(Stored data entries)
-=-=-
lemma harris_flow_local_displacement_finite:
  assumes HF: "harris_flow M \<phi> a X" and a: "a \<in> borel_measurable borel"
    and growth: "\<And>z. \<bar>a z\<bar> \<le> C * (1 + \<bar>z\<bar>)"
    and P: "finite P" "\<And>p y. (p, y) \<in> P \<Longrightarrow> 0 \<le> p \<and> \<bar>y\<bar> \<le> Mb"
    and H: "0 < H" "C * H \<le> 1/2" and \<alpha>: "0 < \<alpha>" "3 * H^2 / \<alpha>^4 \<le> 1/2"
  obtains Z where "Z \<in> sets M" "measure M Z \<le> card P * (6 * H^2 / \<alpha>^4)"
    "AE \<omega> in M. \<omega> \<notin> Z \<longrightarrow>
      (\<forall>(p, y)\<in>P. \<forall>r\<in>{p..p+H}. \<bar>X p r \<omega> y - y\<bar> \<le> 2*\<alpha> + 2*H*(C*(1 + Mb + 2*\<alpha>)))"
proof -
  interpret prob_space M using harris_flowD(1)[OF HF] .
  let ?good = "\<lambda>p y \<omega>. \<forall>r\<in>{p..p+H}. \<bar>X p r \<omega> y - y\<bar> \<le> 2*\<alpha> + 2*H*(C*(1 + Mb + 2*\<alpha>))"
  have "\<forall>q\<in>P. \<exists>Z. Z \<in> events \<and> prob Z \<le> 6 * H^2 / \<alpha>^4 \<and>
      (AE \<omega> in M. \<omega> \<notin> Z \<longrightarrow> ?good (fst q) (snd q) \<omega>)"
  proof
    fix q assume "q \<in> P"
    then have "0 \<le> fst q" "\<bar>snd q\<bar> \<le> Mb" using P(2)[of "fst q" "snd q"] by auto
    from harris_flow_local_displacement[OF HF a growth this H \<alpha>] show "\<exists>Z. Z \<in> events \<and>
        prob Z \<le> 6 * H^2 / \<alpha>^4 \<and> (AE \<omega> in M. \<omega> \<notin> Z \<longrightarrow> ?good (fst q) (snd q) \<omega>)"
      by blast
  qed
  from bchoice[OF this] obtain Zq where Zq_all: "\<forall>q\<in>P. Zq q \<in> events \<and> prob (Zq q) \<le> 6 * H^2 / \<alpha>^4 \<and>
      (AE \<omega> in M. \<omega> \<notin> Zq q \<longrightarrow> ?good (fst q) (snd q) \<omega>)"
    by blast
  then have Zq: "\<And>q. q \<in> P \<Longrightarrow> Zq q \<in> events" "\<And>q. q \<in> P \<Longrightarrow> prob (Zq q) \<le> 6 * H^2 / \<alpha>^4"
    "\<And>q. q \<in> P \<Longrightarrow> AE \<omega> in M. \<omega> \<notin> Zq q \<longrightarrow> ?good (fst q) (snd q) \<omega>"
    by auto
  have "prob (\<Union>q\<in>P. Zq q) \<le> (\<Sum>q\<in>P. prob (Zq q))"
    using P(1) Zq(1) by (intro finite_measure_subadditive_finite) auto
  also have "\<dots> \<le> card P * (6 * H^2 / \<alpha>^4)"
    by (intro sum_bounded_above Zq(2))
  finally have "prob (\<Union>q\<in>P. Zq q) \<le> card P * (6 * H^2 / \<alpha>^4)" .
  moreover have "AE \<omega> in M. \<forall>q\<in>P. \<omega> \<notin> Zq q \<longrightarrow> ?good (fst q) (snd q) \<omega>"
    by (rule AE_finite_allI[OF P(1)]) (rule Zq(3))
  then have "AE \<omega> in M. \<omega> \<notin> (\<Union>q\<in>P. Zq q) \<longrightarrow> (\<forall>(p, y)\<in>P. ?good p y \<omega>)"
    by eventually_elim auto
  ultimately show ?thesis using that P(1) Zq(1) by blast
qed

lemma harris_flow_AE_rational_regularity:
  assumes HF: "harris_flow M \<phi> a X" and a: "a \<in> borel_measurable borel"
    and growth: "\<And>z. \<bar>a z\<bar> \<le> C * (1 + \<bar>z\<bar>)"
  shows "AE \<omega> in M. (\<forall>p\<in>\<rat>. \<forall>q\<in>\<rat>. 0 \<le> p \<longrightarrow> p \<le> q \<longrightarrow> X 0 q \<omega> = X p q \<omega> \<circ> X 0 p \<omega>) \<and>
    (\<forall>d\<in>\<rat>. continuous_on {0..T} (\<lambda>t. X 0 t \<omega> d))"
proof -
  interpret prob_space M using harris_flowD(1)[OF HF] .
  have "AE \<omega> in M. \<forall>p\<in>\<rat>. \<forall>q\<in>\<rat>. 0 \<le> p \<longrightarrow> p \<le> q \<longrightarrow> X 0 q \<omega> = X p q \<omega> \<circ> X 0 p \<omega>"
    using harris_flowD(5)[OF HF, of 0] by (simp add: AE_ball_countable countable_rat)
  moreover have "AE \<omega> in M. \<forall>d\<in>\<rat>. continuous_on {0..T} (\<lambda>t. X 0 t \<omega> d)"
    using harris_flow_AE_continuous_path[OF HF a growth order.refl]
    by (simp add: AE_ball_countable countable_rat)
  ultimately show ?thesis by eventually_elim blast
qed

lemma harris_flow_grid_exceptional_set:
  assumes HF: "harris_flow M \<phi> a X" and a: "a \<in> borel_measurable borel"
    and growth: "\<And>z. \<bar>a z\<bar> \<le> C * (1 + \<bar>z\<bar>)"
    and h: "0 < h" "C * (2*h) \<le> 1/2" and \<alpha>: "0 < \<alpha>" "3 * (2*h)^2 / \<alpha>^4 \<le> 1/2"
    and y: "\<And>i. i \<le> L + 1 \<Longrightarrow> \<bar>y0 + real i * e\<bar> \<le> Mb"
  obtains Z where "Z \<in> sets M" "measure M Z \<le> (real K + 1) * (real L + 2) * (6 * (2*h)^2 / \<alpha>^4)"
    "AE \<omega> in M. \<omega> \<notin> Z \<longrightarrow> (\<forall>k\<le>K. \<forall>i\<le>L + 1. \<forall>r\<in>{real k * h..real k * h + 2*h}.
      \<bar>X (real k * h) r \<omega> (y0 + real i * e) - (y0 + real i * e)\<bar> \<le> 2*\<alpha> + 2*(2*h)*(C*(1 + Mb + 2*\<alpha>)))"
proof -
  define G where "G = (\<lambda>(k, i). (real k * h, y0 + real i * e)) ` ({..K} \<times> {..L + 1})"
  have G: "finite G" "\<And>p y. (p, y) \<in> G \<Longrightarrow> 0 \<le> p \<and> \<bar>y\<bar> \<le> Mb"
    using h y by (auto simp: G_def)
  obtain Z where Z: "Z \<in> sets M" "measure M Z \<le> card G * (6 * (2*h)^2 / \<alpha>^4)"
    "AE \<omega> in M. \<omega> \<notin> Z \<longrightarrow>
      (\<forall>(p, y)\<in>G. \<forall>r\<in>{p..p + 2*h}. \<bar>X p r \<omega> y - y\<bar> \<le> 2*\<alpha> + 2*(2*h)*(C*(1 + Mb + 2*\<alpha>)))"
    using harris_flow_local_displacement_finite[OF HF a growth G _ h(2) \<alpha>] h(1) by auto
  have "card G \<le> (K + 1) * (L + 2)"
    using card_image_le[of "{..K} \<times> {..L + 1}"] unfolding G_def by (simp add: card_cartesian_product)
  then have "real (card G) \<le> real ((K + 1) * (L + 2))" by (simp only: of_nat_le_iff)
  then have "real (card G) \<le> (real K + 1) * (real L + 2)" by (simp add: algebra_simps)
  then have "card G * (6 * (2*h)^2 / \<alpha>^4) \<le> (real K + 1) * (real L + 2) * (6 * (2*h)^2 / \<alpha>^4)"
    by (rule mult_right_mono) simp
  then have "measure M Z \<le> (real K + 1) * (real L + 2) * (6 * (2*h)^2 / \<alpha>^4)"
    using Z(2) by linarith
  moreover have "AE \<omega> in M. \<omega> \<notin> Z \<longrightarrow> (\<forall>k\<le>K. \<forall>i\<le>L + 1. \<forall>r\<in>{real k * h..real k * h + 2*h}.
      \<bar>X (real k * h) r \<omega> (y0 + real i * e) - (y0 + real i * e)\<bar> \<le> 2*\<alpha> + 2*(2*h)*(C*(1 + Mb + 2*\<alpha>)))"
    using Z(3)
  proof eventually_elim
    case (elim \<omega>)
    have "(real k * h, y0 + real i * e) \<in> G" if "k \<le> K" "i \<le> L + 1" for k i
      unfolding G_def using that by (intro image_eqI[where x="(k, i)"]) auto
    then show ?case using elim by fastforce
  qed
  ultimately show ?thesis using that Z(1) by blast
qed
-=-=-
— WHAT THIS TASK INVOLVES —
Set down, exactly as they stand above, the lines starting with the line with "using h y by (auto simp: G_def)" and going on through the line with "y\<bar> \<le> 2*\<alpha> + 2*(2*h)*(C*(1", and no others.

— REPLY TO THE TASK —
    using h y by (auto simp: G_def)
  obtain Z where Z: "Z \<in> sets M" "measure M Z \<le> card G * (6 * (2*h)^2 / \<alpha>^4)"
    "AE \<omega> in M. \<omega> \<notin> Z \<longrightarrow>
      (\<forall>(p, y)\<in>G. \<forall>r\<in>{p..p + 2*h}. \<bar>X p r \<omega> y - y\<bar> \<le> 2*\<alpha> + 2*(2*h)*(C*(1 + Mb + 2*\<alpha>)))"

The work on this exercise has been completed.